X-Inactivation Example and Barr Body

In human females (XX), one of the X chromosomes in each somatic cell is inactivated, leading to the formation of a Barr body.  They are found in biological samples like blood, hair, and buccal cells. Some examples of Barr bodies are:

• Tortoiseshell cats: Female cats with black and tan color alleles on the X chromosome inactivate their two Xs during embryonic development. This results in a tortoiseshell coat pattern with alternating patches of black and tan fur.
• Klinefelter syndrome: People with Klinefelter syndrome (47, XXY) have a single Barr body.
• In the forensic science, detecting Barr bodies is a simple and noninvasive method for determining the sex of an unknown sample.

Also Read: What are Autosomes and Allosomes?

Conclusion – Barr Body

In conclusion, Barr bodies are condensed, inactive X chromosomes formed in the nuclei of somatic cells during X chromosome inactivation in females. This process ensures dosage compensation by randomly silencing one of the two X chromosomes, balancing gene expression levels with males. Barr bodies play a critical role in maintaining genomic stability, preventing the overexpression of X-linked genes in females, and aid in sex chromosome regulation.

Also Read:

• Types of White Blood Cells (WBCs) and Functions
• Difference Between Plasma and Blood
• Significance of Meiosis
• Sex Determination

FAQs on Barr Body

What is a Barr Body and What is its Function?

A Barr body is an inactive X chromosome in the somatic cells of female mammals.

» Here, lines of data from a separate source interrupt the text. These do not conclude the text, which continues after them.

lemma game_value_minus_ge:
  assumes "is_joint_strategy N A \<pi>" and "\<And>t. e t \<le> bellman N A K r gam i \<pi> w t - w t"
  shows "(resolvent N A K gam \<pi> *v (\<chi> t. e t))$s \<le> game_value N A K r gam i \<pi> s - w s"
proof -
  interpret discounted_stochastic "Pmat N A K \<pi>" gam by (rule discounted_stochastic_Pmat[OF assms(1)])
  show ?thesis
    unfolding game_value_minus[OF assms(1)] resolvent_eq_R[OF assms(1)]
    using assms(2) by (intro R_vec_mono) simp
qed

lemma sum_joint_actions_fun_upd:
  assumes i: "i \<in> {1..N}"
  shows "(\<Sum>a\<in>joint_actions N A s. jprob N (\<pi>(i := \<sigma>)) s a * f a)
    = (\<Sum>ai\<in>A i s. \<sigma> s ai * (\<Sum>a\<in>{a\<in>joint_actions N A s. a i = ai}. (\<Prod>j\<in>{1..N}-{i}. \<pi> j s (a j)) * f a))"
proof -
  have jprob_upd: "jprob N (\<pi>(i := \<sigma>)) s a = \<sigma> s (a i) * (\<Prod>j\<in>{1..N}-{i}. \<pi> j s (a j))" for a
    unfolding jprob_def using i by (simp add: prod.remove[of _ i])
  have "(\<lambda>a. a i) ` joint_actions N A s \<subseteq> A i s"
    using i unfolding joint_actions_def by (auto simp: PiE_iff)
  then have "(\<Sum>a\<in>joint_actions N A s. jprob N (\<pi>(i := \<sigma>)) s a * f a)
     = (\<Sum>ai\<in>A i s. \<Sum>a\<in>{a\<in>joint_actions N A s. a i = ai}. jprob N (\<pi>(i := \<sigma>)) s a * f a)"
    by (rule sum.group[symmetric, OF finite_joint_actions finite_actions[OF i]])
  also have "\<dots> = (\<Sum>ai\<in>A i s. \<sigma> s ai * (\<Sum>a\<in>{a\<in>joint_actions N A s. a i = ai}. (\<Prod>j\<in>{1..N}-{i}. \<pi> j s (a j)) * f a))"
    by (intro sum.cong refl) (auto simp: jprob_upd sum_distrib_left mult.assoc intro!: sum.cong)
  finally show ?thesis .
qed

end

section \<open>Best responses of a single player\<close>

locale player = game N A K r gam
  for N :: nat and A :: "nat \<Rightarrow> 's::finite \<Rightarrow> 'a set" and K r gam +
  fixes i :: nat and \<pi> :: "nat \<Rightarrow> 's \<Rightarrow> 'a \<Rightarrow> real"
  assumes player: "i \<in> {1..N}" and joint_strategy: "is_joint_strategy N A \<pi>"
begin

definition "action_value w s ai = r_mi N A r i \<pi> s ai + gam * (\<Sum>s'\<in>UNIV. P_mi N A K i \<pi> s ai s' * w s')"

definition "deviation_value \<sigma> = game_value N A K r gam i (\<pi>(i := \<sigma>))"

definition "det_strategy d = (\<lambda>s a. if a = d s then 1 else 0 :: real)"

definition "det_choices = {d. \<forall>s. d s \<in> A i s}"

lemma bellman_opt_eq_Max: "bellman_opt N A K r gam i \<pi> w s = Max (action_value w s ` A i s)"
  by (simp add: bellman_opt_def action_value_def)

lemma bellman_fun_upd:
  "bellman N A K r gam i (\<pi>(i := \<sigma>)) w s = (\<Sum>ai\<in>A i s. \<sigma> s ai * action_value w s ai)"
proof -
  have r: "r_pi N A r i (\<pi>(i := \<sigma>)) s = (\<Sum>ai\<in>A i s. \<sigma> s ai * r_mi N A r i \<pi> s ai)"
    unfolding r_pi_def r_mi_def by (rule sum_joint_actions_fun_upd[OF player])
  have "P_pi N A K (\<pi>(i := \<sigma>)) s s' = (\<Sum>ai\<in>A i s. \<sigma> s ai * P_mi N A K i \<pi> s ai s')" for s'
    unfolding P_pi_def P_mi_def by (rule sum_joint_actions_fun_upd[OF player])
  then have "(\<Sum>s'\<in>UNIV. P_pi N A K (\<pi>(i := \<sigma>)) s s' * w s')
      = (\<Sum>ai\<in>A i s. \<sigma> s ai * (\<Sum>s'\<in>UNIV. P_mi N A K i \<pi> s ai s' * w s'))"
    by (simp add: sum_distrib_left sum_distrib_right mult.assoc sum.swap[of _ UNIV])
  then show ?thesis
    unfolding bellman_def r action_value_def
    by (simp add: sum.distrib sum_distrib_left algebra_simps)
qed

lemma is_joint_strategy_fun_upd: "is_strategy A i \<sigma> \<Longrightarrow> is_joint_strategy N A (\<pi>(i := \<sigma>))"
  using joint_strategy unfolding is_joint_strategy_def by auto

lemma bellman_le_bellman_opt:
  assumes "is_strategy A i \<sigma>"
  shows "bellman N A K r gam i (\<pi>(i := \<sigma>)) w s \<le> bellman_opt N A K r gam i \<pi> w s"
proof -
  have "(\<Sum>ai\<in>A i s. \<sigma> s ai * action_value w s ai) \<le> (\<Sum>ai\<in>A i s. \<sigma> s ai * Max (action_value w s ` A i s))"
    using assms finite_actions[OF player] unfolding is_strategy_def
    by (intro sum_mono mult_left_mono Max_ge) auto
  also have "\<dots> = Max (action_value w s ` A i s)"
    using assms unfolding is_strategy_def by (simp add: sum_distrib_right[symmetric])
  finally show ?thesis by (simp add: bellman_fun_upd bellman_opt_eq_Max)
qed

lemma is_strategy_det_strategy: "d \<in> det_choices \<Longrightarrow> is_strategy A i (det_strategy d)"
  unfolding is_strategy_def det_strategy_def det_choices_def using finite_actions[OF player] by auto

lemma bellman_det_strategy:
  assumes "d \<in> det_choices"
  shows "bellman N A K r gam i (\<pi>(i := det_strategy d)) w s = action_value w s (d s)"
proof -
  have "(\<Sum>ai\<in>A i s. det_strategy d s ai * action_value w s ai) = (\<Sum>ai\<in>A i s. if d s = ai then action_value w s ai else 0)"
    unfolding det_strategy_def by (intro sum.cong) auto
  also have "\<dots> = action_value w s (d s)"
    using assms finite_actions[OF player] unfolding det_choices_def by simp
  finally show ?thesis by (simp add: bellman_fun_upd)
qed

lemma finite_det_choices: "finite det_choices"
proof -
  have "det_choices = PiE UNIV (A i)" unfolding det_choices_def by (auto simp: PiE_def Pi_def)
  then show ?thesis using finite_actions[OF player] by (simp add: finite_PiE)
qed

lemma greedy_det_choice: "\<exists>d\<in>det_choices. \<forall>s. bellman_opt N A K r gam i \<pi> w s = action_value w s (d s)"
proof -
  have "\<exists>a\<in>A i s. action_value w s a = Max (action_value w s ` A i s)" for s
    using Max_in[of "action_value w s ` A i s"] finite_actions[OF player] actions_nonempty[OF player]
    by (metis (no_types, lifting) finite_imageI image_iff image_is_empty)
  then obtain d where "\<forall>s. d s \<in> A i s \<and> action_value w s (d s) = Max (action_value w s ` A i s)"
    by metis
  then show ?thesis unfolding det_choices_def by (auto simp: bellman_opt_eq_Max)
qed

lemma deviation_value_le:
  assumes w: "\<And>t. bellman_opt N A K r gam i \<pi> w t \<le> w t" and \<sigma>: "is_strategy A i \<sigma>"
  shows "deviation_value \<sigma> s \<le> w s"
proof -
  have "deviation_value \<sigma> s - w s \<le> (resolvent N A K gam (\<pi>(i := \<sigma>)) *v (\<chi> t. 0))$s"
    unfolding deviation_value_def using bellman_le_bellman_opt[OF \<sigma>] w
    by (intro game_value_minus_le[OF is_joint_strategy_fun_upd[OF \<sigma>]]) (meson diff_le_0_iff_le order_trans)
  then show ?thesis by (simp add: matrix_vector_mult_def)
qed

The function of Barr bodies is related to the regulation of gene expression and dosage compensation.

Why is a Barr Body only Found in Females?

A Barr body is only found in females due to X chromosome inactivation, a process that randomly silences one of the two X chromosomes in each somatic cell. This ensures dosage compensation, balancing gene expression with males, who possess one X and one Y chromosome.

Who Discovered the Barr Body?

Murray Llewellyn Barr (1908 – 1995) and graduate student Ewart George Bertram discovered the Barr body in 1948.

What is a Barr Body in a Nerve Cell?

In a nerve cell, a Barr body is a condensed, inactive X chromosome resulting from X chromosome inactivation in females, contributing to gene dosage balance.

Where is the Barr Body?

Barr bodies are small, dark-staining structures that are found in the nuclei of female somatic cells. They are most commonly located at the periphery of the nucleus, but some can be found in other parts of the nucleus.

What is the Barr Body Associated With?

Barr bodies are associated with sex determination. Barr bodies are inactivated X chromosomes that are found in female mammals. In humans, females have one Barr body per somatic cell nucleus, while males have none.

Which Phase is Associated With Barr Body?

The Barr body is found in the interphase nucleus of the cell cycle. It is a small, darkly staining mass that is in contact with the nucleus membrane.

Why do Males have no Barr Body?

Males lack a Barr Body because they inherit only one X chromosome, while females have two. The Barr Body forms from the inactivation of one X chromosome in females during early development to balance gene expression between the sexes.